A Risc-V implementation of the Rainbow MPKC, made for the BADM500 course at University of Southern Denmark. The project is basically a fork of https://github.com/fast-crypto-lab/rainbow-submission-round2 with some extras
Other than having a ported version of the reference implementation from https://github.com/fast-crypto-lab/rainbow-submission-round2 the project files also include a high-level bitsliced implementation written in C and a smaller lookup table tweak for the original code. The bitsliced implementation is quite slow, though lies as a basis on which it is possible to optimize as wanted.
This project is built on PQVexRiscV.
The implementation also allows for continous calls to the verification/signing/key-generation without rebooting the CPU, assuming no jobs currently communicating with the CPU and executable are prematurely killed.
All Python scripts associated with this project uses the libraries in requirements.txt. To run any Python script mentioned in the subsequent sections, make sure to have these installed in your environment.
Before compiling, an implementation should be chosen. The different implementations can be chosen by commenting out some of the lines in src/Ia_Classic_Reference/impl.h
- If
#define SLICE_IMPLis not commented out, then the bitsliced implementation is compiled. - If above is not the case and
#define LOOKUP_INC_ZEROis not commented out (this is the only uncommented line), then the lookup table variant is compiled. - If all lines are commented out, then the standard (ported) implementation is compiled.
Compiling for a simulated PQVexRiscV CPU can be done using
make PLATFORM=pqvexriscvsimBENCHMARKS are only supported for verification currently (though is easily implemented in the others).

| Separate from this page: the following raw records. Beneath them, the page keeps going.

theorem mainTheorem16:
  fixes d :: "'a::field_char_0 poly \<Rightarrow> 'a poly"
    and p t :: "nat \<Rightarrow> 'a poly"
    and a b :: 'a and n :: nat
  assumes "delta_operator d"
    and "basic_sequence d p"
    and "goncarov_basis d (\<lambda>i. a + b * of_nat i) t"
    and "n \<ge> 1"
  shows "t n = ([:- a, 1:] * pcompose (p n) [:- (a + of_nat n * b), 1:])
               div [:- (a + of_nat n * b), 1:]"
proof -
  interpret delta_basis d p
    using assms(1,2) by unfold_locales
  have "t n = goncarov a b n"
    by (intro goncarov_basis_unique[OF assms(3)]) (simp_all add: degree_goncarov poly_funpow_delta_goncarov)
  also have "\<dots> = ([:- a, 1:] * pcompose (p n) [:- (a + of_nat n * b), 1:]) div [:- (a + of_nat n * b), 1:]"
    using assms(4) by (rule goncarov_eq_div)
  finally show ?thesis .
qed

end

In the test/ folder two small scripts can be used to communicate with a target device. Both scripts use pseudo-terminal (pts) devices to communicate with the CPU though should also work with other ways of communicating through UART. Running the simulated CPU using verilator (only tested with verilator 4.102) can be done by
sbt "runMain mupq.PQVexRiscvSim --ram 512,512 --init <path/to/bin-file> --pts"The --pts flag makes sure to open a pts device for communication. The bin-file needed for --init can be found in build/ once compiled (using the provided Makefile).
Once the CPU is running, the Rainbow executables each expect the following protocol for obtaining keys, signatures and messages:
- Key generation:
- Send a random seed for key generation (48 bytes)
- Message signing
- Send the secret key first
- Send the length of the message (using the protocol below) followed by the message
- Signature verification
- Send the public key first
- Same as the second step for message signing
- Send the signature in the same way that messages were sent (NOTE: One executable runs on the CPU at a time)
The protocol for sending a message or signature along with its length is
- Send a 0 if the length is more than 256
- Continously send lengths of at most 256. E.g. len(message) = 520:
- Send 256
- Send 256
- Send 8
- Send an ending 0
If a nonzero value arrives at the device in the first step, then all subsequent bytes sent are assumed to be part of the message or signature currently being communicated. (NOTE: This protocol is not designed to be greatly secure, just one way of communicating lengths in single bytes at a time)
All the above is handled by the test/kat.py script. A typical call for this script could be
./kat.py -u /dev/pts/2for a CPU being hooked up to the /dev/pts/2 device. Running the script like this will create a KAT_<some numbers> folder with the Known-Answer Test files just used. If the -b flag is used, the script will also benchmark the cycle count and instruction count for the implementation being tested. If you already have a KAT_<some number> folder, this can tested again using -c <some number> where <some number> is the number after the underscore in the folder name. By default, the verification scheme is used by the kat.py script (as this was one focus for the project) though the other functions can be tested by using -f <genkey|verify|sign>
For more flags for the kat.py script, use ./kat.py --help
The test/multitest.sh can also be called to either do bulk-testing or bulk-benchmarking. It will create a KAT_<some number>/<implementation chosen>/bencmarks file if used for benchmarking. This file states the cycles and instructions used for the known-answer test that it resides in.
A report documenting the efforts of this project can be found in the report/ directory. The latex files can be compiled using the makefile situated in that folder (assuming latexmk is installed on your system).
cd report
makeUsing the test/grapher.py script allows for creating bar plots easily, assuming the multitest.sh script has been run prior to execution (to obtain the needed becnhmark files).